You need to edit this file to select the data you would like to access and provide the path to your s3 staging location. Here is what the default config file will look like:

(oedi) $ oedi config show --provider AWS
AWS:
  Region Name: us-west-2
  Datalake Name: oedi-data-lake
  Databases:
    - Identifier: pv_rooftops
      Name: oedi_pv_rooftops
      Locations:
        - s3://oedi-data-lake/pv-rooftop/aspects/
        - s3://oedi-data-lake/pv-rooftop/buildings/
        - s3://oedi-data-lake/pv-rooftop/developable-planes/
        - s3://oedi-data-lake/pv-rooftop/rasd/
        - s3://oedi-data-lake/pv-rooftop-pr/developable-planes/
    - Identifier: buildstock
      Name: oedi_buildstock
      Locations:
        - s3://nrel-pds-building-stock/comstock/athena/2020/comstock_v1/state
        - s3://nrel-pds-building-stock/comstock/athena/2020/comstock_v1/metadata
    - Identifier: tracking_the_sun
      Name: oedi_tracking_the_sun
      Locations:
        - s3://oedi-data-lake/tracking-the-sun/2018/
        - s3://oedi-data-lake/tracking-the-sun/2019/
        - s3://oedi-data-lake/tracking-the-sun/2020/
    - Identifier: atb
      Name: oedi_atb
      Locations:
        - s3://oedi-data-lake/ATB/electricity/parquet/2019/
        - s3://oedi-data-lake/ATB/electricity/parquet/2020/
        - s3://oedi-data-lake/ATB/electricity/parquet/2021/
    - Identifier: pvdaq
      Name: oedi_pvdaq
      Locations:
      - s3://oedi-data-lake/pvdaq/parquet/site/
      - s3://oedi-data-lake/pvdaq/parquet/system/
      - s3://oedi-data-lake/pvdaq/parquet/inverters/
      - s3://oedi-data-lake/pvdaq/parquet/meters/
      - s3://oedi-data-lake/pvdaq/parquet/metrics/
      - s3://oedi-data-lake/pvdaq/parquet/modules/
      - s3://oedi-data-lake/pvdaq/parquet/mount/
      - s3://oedi-data-lake/pvdaq/parquet/other-instruments/
      - s3://oedi-data-lake/pvdaq/parquet/pvdata/
  Staging Location: s3://user-owned-staging-bucket/

OEDI may have multiple providers in the future. For now, we only focus on AWS. Those configurations will be applied to AWS and related services in your data lake.
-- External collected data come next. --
section \<open>Strict subgradient inequalities\<close>

lemma norm_mult_transpose_add_le:
  fixes U V W :: "real^'n^'n"
  assumes UV: "transpose U ** U = transpose V ** V" and V: "V ** (transpose V ** V) = V"
    and UW: "transpose U ** W = 0" and WV: "W ** V = 0"
    and W: "\<And>x. norm (W *v x) \<le> norm x"
  shows "norm ((U ** transpose V + W) *v x) \<le> norm x"
proof -
  \<comment> \<open>Split \<open>x = V V\<^sup>T x + x2\<close>: \<open>U V\<^sup>T\<close> is isometric on the first part and kills \<open>x2\<close>,
    \<open>W\<close> kills the first part, and the two images are orthogonal.\<close>
  note transpose_matrix_vector [simp del]
  have adj: "(A *v u) \<bullet> (B *v v) = u \<bullet> ((transpose A ** B) *v v)" for A B :: "real^'n^'n" and u v
    using inner_transpose_matrix_vector[of "transpose A" u "B *v v"]
    by (simp add: matrix_vector_mul_assoc)
  have VtVVt: "transpose V ** V ** transpose V = transpose V"
    using arg_cong[OF V, of transpose] by (simp add: matrix_transpose_mul matrix_mul_assoc)
  define y where "y = transpose V *v x"
  define x1 where "x1 = V *v y"
  define x2 where "x2 = x - x1"
  have "transpose V *v x2 = 0"
    by (simp add: x2_def x1_def y_def matrix_vector_mult_diff_distrib matrix_vector_mul_assoc
        matrix_mul_assoc VtVVt)
  then have x1_x2: "x1 \<bullet> x2 = 0"
    by (simp add: x1_def adj[of V y "mat 1" x2, simplified])
  have "W *v x1 = 0"
    by (simp add: x1_def matrix_vector_mul_assoc WV)
  then have Wx: "W *v x = W *v x2"
    by (simp add: x2_def matrix_vector_mult_diff_distrib)
  have UVx: "(U ** transpose V) *v x = U *v y"
    by (simp add: y_def matrix_vector_mul_assoc)
  have orth: "(U *v y) \<bullet> (W *v x2) = 0"
    by (simp add: adj UW)
  have "(U *v y) \<bullet> (U *v y) = x1 \<bullet> x1"
    by (simp add: x1_def adj UV)
  moreover have "(W *v x2) \<bullet> (W *v x2) \<le> x2 \<bullet> x2"
    using W by (simp add: norm_le)
  moreover have "x \<bullet> x = x1 \<bullet> x1 + x2 \<bullet> x2"
    using x1_x2 unfolding x2_def by (simp add: inner_diff_left inner_diff_right inner_commute)
  ultimately have "(U *v y + W *v x2) \<bullet> (U *v y + W *v x2) \<le> x \<bullet> x"
    using orth by (simp add: inner_add_left inner_add_right inner_commute)
  then show ?thesis
    by (simp add: norm_le matrix_vector_mult_add_rdistrib UVx Wx)
qed

lemma spec_norm_bound: "norm (W *v x) \<le> spec_norm W * norm x"
  and spec_norm_nonneg: "0 \<le> spec_norm W"
  unfolding spec_norm_def
  using onorm onorm_pos_le matrix_vector_mul_linear linear_conv_bounded_linear by blast+

lemma small_perturbation_contraction:
  fixes W G :: "real^'n^'n"
  assumes "spec_norm W < 1"
  obtains \<epsilon> where "\<epsilon> > 0" "\<And>x. norm ((W + \<epsilon> *\<^sub>R G) *v x) \<le> norm x"
proof
  define c where "c = spec_norm G"
  define \<epsilon> where "\<epsilon> = (1 - spec_norm W) / (c + 1)"
  have "0 \<le> c"
    by (simp add: c_def spec_norm_nonneg)
  then show "\<epsilon> > 0"
    using assms by (simp add: \<epsilon>_def)
  have "\<epsilon> * c \<le> 1 - spec_norm W"
    using assms \<open>0 \<le> c\<close> by (simp add: \<epsilon>_def field_simps)
  fix x
  have "norm ((W + \<epsilon> *\<^sub>R G) *v x) \<le> norm (W *v x) + \<epsilon> * norm (G *v x)"
    using \<open>\<epsilon> > 0\<close> norm_triangle_ineq[of "W *v x" "\<epsilon> *\<^sub>R (G *v x)"]
    by (simp add: matrix_vector_mult_add_rdistrib flip: scaleR_matrix_vector_assoc)
  also have "\<dots> \<le> spec_norm W * norm x + \<epsilon> * (c * norm x)"
    using \<open>\<epsilon> > 0\<close> unfolding c_def by (intro add_mono mult_left_mono spec_norm_bound) auto
  also have "\<dots> \<le> norm x"
    using \<open>\<epsilon> * c \<le> 1 - spec_norm W\<close> mult_right_mono[OF _ norm_ge_zero, of "\<epsilon> * c" "1 - spec_norm W" x]
    by (simp add: algebra_simps)
  finally show "norm ((W + \<epsilon> *\<^sub>R G) *v x) \<le> norm x" .
qed

lemma nuc_norm_strict_subgradient:
  assumes svd: "reduced_svd L0 K U Sig V"
    and W_orth: "P_T U V W = 0" and W: "spec_norm W < 1"
  shows "\<exists>\<epsilon>>0. nuc_norm L0 + (U ** transpose V + W) \<bullet> H + \<epsilon> * (norm (H - P_T U V H))\<^sup>2
    \<le> nuc_norm (L0 + H)"
proof -
  define G where "G = H - P_T U V H"
  obtain \<epsilon> where "\<epsilon> > 0" and contr: "\<And>x. norm ((W + \<epsilon> *\<^sub>R G) *v x) \<le> norm x"
    using small_perturbation_contraction[OF W] by blast
  define W' where "W' = W + \<epsilon> *\<^sub>R G"
  have W'_orth: "\<forall>Z\<in>tangent_space U V. W' \<bullet> Z = 0"
    using P_T_eq_0_imp_orthogonal[OF W_orth] P_T_orthogonal[of _ U V H]
    by (simp add: W'_def G_def inner_add_left)
  note svd_facts = reduced_svdD[OF svd]
  have "norm ((U ** transpose V + W') *v x) \<le> norm x" for x
  proof (rule norm_mult_transpose_add_le)
    show "transpose U ** U = transpose V ** V" "V ** (transpose V ** V) = V"
      using svd_facts(1-3) by simp_all
    show "transpose U ** W' = 0" "W' ** V = 0"
      using orthogonal_tangent_space_imp[OF W'_orth] by simp_all
    show "norm (W' *v x) \<le> norm x" for x
      unfolding W'_def by (rule contr)
  qed
  then have "(U ** transpose V + W') \<bullet> (L0 + H) \<le> nuc_norm (L0 + H)"
    by (rule inner_le_nuc_norm)
  moreover have "(U ** transpose V) \<bullet> L0 = nuc_norm L0"
    using nuc_norm_partial_isometry_factorization[OF svd_facts(1,2,4,5)] svd_facts(6) by simp
  moreover have "W' \<bullet> L0 = 0"
    using W'_orth by (subst svd_facts(6)) (simp add: mult_mult_transpose_in_tangent_space)
  moreover have "G \<bullet> H = (norm G)\<^sup>2"
  proof -
    have "G \<bullet> H = G \<bullet> G + G \<bullet> P_T U V H"
      by (simp add: G_def inner_diff_left inner_diff_right inner_commute)
    then show ?thesis
      using P_T_orthogonal[OF P_T_in_tangent_space[of U V H], of H]
      by (simp add: G_def power2_norm_eq_inner)
  qed
  ultimately show ?thesis
    using \<open>\<epsilon> > 0\<close>
    by (intro exI[of _ \<epsilon>]) (simp add: W'_def inner_add_left inner_add_right G_def[symmetric])
qed

lemma abs_add_ge_sgn_mult: "\<bar>s\<bar> + sgn s * d \<le> \<bar>s + d\<bar>" for s d :: real
  by (cases s "0::real" rule: linorder_cases) auto

lemma max_norm_ge_entry: "\<bar>F $ i $ j\<bar> \<le> max_norm F"
  unfolding max_norm_def
proof (rule Max_ge)
  have "{\<bar>F $ i $ j\<bar> |i j. True} = (\<lambda>(i, j). \<bar>F $ i $ j\<bar>) ` UNIV"
    by auto
  then show "finite {\<bar>F $ i $ j\<bar> |i j. True}"
    by simp
qed auto

lemma l1_norm_nonneg: "0 \<le> l1_norm X"
  unfolding l1_norm_def by (intro sum_nonneg) auto

lemma l1_norm_eq_0_iff: "l1_norm X = 0 \<longleftrightarrow> X = 0"
  unfolding l1_norm_def by (simp add: sum_nonneg sum_nonneg_eq_0_iff vec_eq_iff)

lemma P_idx_eq_0_iff: "P_idx A X = 0 \<longleftrightarrow> (\<forall>i j. (i, j) \<in> A \<longrightarrow> X $ i $ j = 0)"
  by (auto simp: P_idx_def vec_eq_iff)

lemma inner_eq_0_if_disjoint_support:
  fixes X Y :: "real^'m^'n"
  assumes "\<And>i j. (i, j) \<in> A \<Longrightarrow> X $ i $ j = 0" "\<And>i j. (i, j) \<notin> A \<Longrightarrow> Y $ i $ j = 0"
  shows "Y \<bullet> X = 0"
proof -
  have "Y $ i $ j * X $ i $ j = 0" for i j
    using assms by (cases "(i, j) \<in> A") auto
  then show ?thesis
    unfolding inner_vec_def inner_real_def by (simp only: sum.neutral_const)
qed

lemma l1_norm_strict_subgradient:
  fixes S0 F D :: "real^'n^'n"
  assumes S0: "\<And>i j. (i, j) \<notin> A \<Longrightarrow> S0 $ i $ j = 0"
    and F: "\<And>i j. (i, j) \<in> A \<Longrightarrow> F $ i $ j = 0"
  shows "l1_norm S0 + (sgn_mat S0 + F) \<bullet> D + (1 - max_norm F) * l1_norm (P_idx (- A) D)
    \<le> l1_norm (S0 + D)"
proof -
  have entry: "\<bar>S0 $ i $ j\<bar> + (sgn_mat S0 + F) $ i $ j * D $ i $ j
      + (1 - max_norm F) * \<bar>P_idx (- A) D $ i $ j\<bar> \<le> \<bar>(S0 + D) $ i $ j\<bar>" for i j
  proof (cases "(i, j) \<in> A")
    case True
    then show ?thesis
      by (simp add: F P_idx_def sgn_mat_def abs_add_ge_sgn_mult)
  next
    case False
    have "F $ i $ j * D $ i $ j \<le> \<bar>F $ i $ j\<bar> * \<bar>D $ i $ j\<bar>"
      by (metis abs_ge_self abs_mult)
    also have "\<dots> \<le> max_norm F * \<bar>D $ i $ j\<bar>"
      by (intro mult_right_mono max_norm_ge_entry) simp
    finally have "F $ i $ j * D $ i $ j \<le> max_norm F * \<bar>D $ i $ j\<bar>" .
    then show ?thesis
      using False by (simp add: S0 P_idx_def sgn_mat_def algebra_simps)
  qed
  have "l1_norm S0 + (sgn_mat S0 + F) \<bullet> D + (1 - max_norm F) * l1_norm (P_idx (- A) D)
      = (\<Sum>i\<in>UNIV. \<Sum>j\<in>UNIV. \<bar>S0 $ i $ j\<bar> + (sgn_mat S0 + F) $ i $ j * D $ i $ j
          + (1 - max_norm F) * \<bar>P_idx (- A) D $ i $ j\<bar>)"
    by (simp add: l1_norm_def inner_vec_def sum.distrib sum_distrib_left)
  also have "\<dots> \<le> l1_norm (S0 + D)"
    unfolding l1_norm_def by (intro sum_mono entry)
  finally show ?thesis .
qed

section \<open>Optimality and uniqueness\<close>

lemma feasible_iff:
  assumes "\<And>i j. (i, j) \<notin> Obs \<Longrightarrow> S0 $ i $ j = 0"
  shows "feasible Obs L0 S0 L S \<longleftrightarrow>
    (\<forall>i j. (i, j) \<in> Obs \<longrightarrow> (L - L0 + (S - S0)) $ i $ j = 0)"
  unfolding feasible_def vec_eq_iff P_idx_def using assms by (auto simp: algebra_simps)

lemma linear_fixed_point_eq_0:
  fixes f :: "'a::euclidean_space \<Rightarrow> 'a"
  assumes "linear f" "onorm f < 1" "f x = x"
  shows "x = 0"
proof -
  have "norm x \<le> onorm f * norm x"
    using onorm[of f x] assms(1,3) by (simp add: linear_conv_bounded_linear)
  then have "(1 - onorm f) * norm x \<le> 0"
    by (simp add: algebra_simps)
  then show ?thesis
    using assms(2) by (simp add: mult_le_0_iff)
qed

lemma objective_strict_gain:
  assumes svd: "reduced_svd L0 K U Sig V" and lam: "lam > 0"
    and W_orth: "P_T U V W = 0" and W: "spec_norm W < 1"
    and cert: "U ** transpose V + W = lam *\<^sub>R (sgn_mat S0 + F)"
    and S0: "\<And>i j. (i, j) \<notin> Om \<Longrightarrow> S0 $ i $ j = 0"
    and F: "P_idx (- (Obs - Om)) F = 0" and Om_Obs: "Om \<subseteq> Obs"
    and feas: "feasible Obs L0 S0 L S"
  shows "\<exists>\<epsilon>>0. objective lam L0 S0 + \<epsilon> * (norm (L - L0 - P_T U V (L - L0)))\<^sup>2
      + lam * (1 - max_norm F) * l1_norm (P_idx (- Om) (S - S0)) \<le> objective lam L S"
proof -
  define H D Z where "H = L - L0" and "D = S - S0" and "Z = sgn_mat S0 + F"
  have S0_Obs: "\<And>i j. (i, j) \<notin> Obs \<Longrightarrow> S0 $ i $ j = 0"
    using S0 Om_Obs by blast
  have F_Om: "\<And>i j. (i, j) \<in> Om \<Longrightarrow> F $ i $ j = 0"
    and F_Obs: "\<And>i j. (i, j) \<notin> Obs \<Longrightarrow> F $ i $ j = 0"
    using F by (auto simp: P_idx_eq_0_iff)
  obtain \<epsilon> where "\<epsilon> > 0"
    and nuc: "nuc_norm L0 + (lam *\<^sub>R Z) \<bullet> H + \<epsilon> * (norm (H - P_T U V H))\<^sup>2 \<le> nuc_norm L"
    using nuc_norm_strict_subgradient[OF svd W_orth W, of H] cert by (auto simp: H_def Z_def)
  have "l1_norm S0 + Z \<bullet> D + (1 - max_norm F) * l1_norm (P_idx (- Om) D) \<le> l1_norm S"
    using l1_norm_strict_subgradient[of Om S0 F D] S0 F_Om by (simp add: Z_def D_def)
  then have "lam * (l1_norm S0 + Z \<bullet> D + (1 - max_norm F) * l1_norm (P_idx (- Om) D))
      \<le> lam * l1_norm S"
    using lam by (intro mult_left_mono) auto
  then have l1: "lam * l1_norm S0 + (lam *\<^sub>R Z) \<bullet> D + lam * (1 - max_norm F) * l1_norm (P_idx (- Om) D)
      \<le> lam * l1_norm S"
    by (simp add: distrib_left mult.assoc)
  have "Z \<bullet> (H + D) = 0"
  proof (rule inner_eq_0_if_disjoint_support)
    show "(H + D) $ i $ j = 0" if "(i, j) \<in> Obs" for i j
      using feas that by (simp add: feasible_iff[OF S0_Obs] H_def D_def)
    show "Z $ i $ j = 0" if "(i, j) \<notin> Obs" for i j
      using that by (simp add: Z_def sgn_mat_def S0_Obs F_Obs)
  qed
  then have "(lam *\<^sub>R Z) \<bullet> H + (lam *\<^sub>R Z) \<bullet> D = 0"
    by (simp add: inner_add_right flip: distrib_left)
  then show ?thesis
    using nuc l1 \<open>\<epsilon> > 0\<close> unfolding objective_def H_def D_def
    by (intro exI[of _ \<epsilon>]) linarith
qed

lemma feasible_eq_if_tangent_and_supported:
  assumes Om_Obs: "Om \<subseteq> Obs"
    and opnorm: "onorm (\<lambda>M. P_idx (- (Obs - Om)) (P_T U V M)) < 1"
    and S0: "\<And>i j. (i, j) \<notin> Om \<Longrightarrow> S0 $ i $ j = 0"
    and feas: "feasible Obs L0 S0 L S"
    and tangent: "P_T U V (L - L0) = L - L0"
    and off_Om: "\<And>i j. (i, j) \<notin> Om \<Longrightarrow> S $ i $ j = S0 $ i $ j"
  shows "L = L0 \<and> S = S0"
proof -
  have S0_Obs: "\<And>i j. (i, j) \<notin> Obs \<Longrightarrow> S0 $ i $ j = 0"
    using S0 Om_Obs by blast
  have feas_entry: "(L - L0 + (S - S0)) $ i $ j = 0" if "(i, j) \<in> Obs" for i j
    using feas that by (simp add: feasible_iff[OF S0_Obs])
  have "L $ i $ j = L0 $ i $ j" if "(i, j) \<in> Obs - Om" for i j
    using feas_entry[of i j] off_Om[of i j] that by simp
  then have "P_idx (- (Obs - Om)) (L - L0) = L - L0"
    by (auto simp: P_idx_def vec_eq_iff)
  then have "L - L0 = 0"
    using linear_compose[OF linear_P_T linear_P_idx] opnorm tangent
    by (intro linear_fixed_point_eq_0[of "\<lambda>M. P_idx (- (Obs - Om)) (P_T U V M)"]) (simp_all add: o_def)
  moreover have "S $ i $ j = S0 $ i $ j" for i j
    using feas_entry[of i j] off_Om[of i j] Om_Obs \<open>L - L0 = 0\<close> by auto
  ultimately show ?thesis
    by (simp add: vec_eq_iff)
qed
  • Region Name: the AWS resources are tied to the Region that you specified.

  • Datalake Name: the stack name of AWS CloudFormation.

  • Databases: the databases that will be created in AWS Glue.
    • Identifier: the string that can identifer the dataset.

    • Name: the name of database that would be created in AWS Glue.

    • Locations: the AWS S3 locations with columnar dataset.

  • Staging Location: the AWS S3 location used by Athena for query outputs.

Use a text editor of your choice to modify the file (e.g. vi oedi/config.yaml). At a minimum, you will need to change the staging location to a bucket that your AWS account has access to. If you provide a path to a bucket that does not exist, then AWS will create the bucket for you. However, bucket names must be unique across the whole region, so you cannot use a bucket name that someone else has taken. You can either use a bucket name that you think is unlikely to exist, or use the AWS managment console to create the bucket in your account manually, so that you know it will work (don’t forget to choose the correct region!).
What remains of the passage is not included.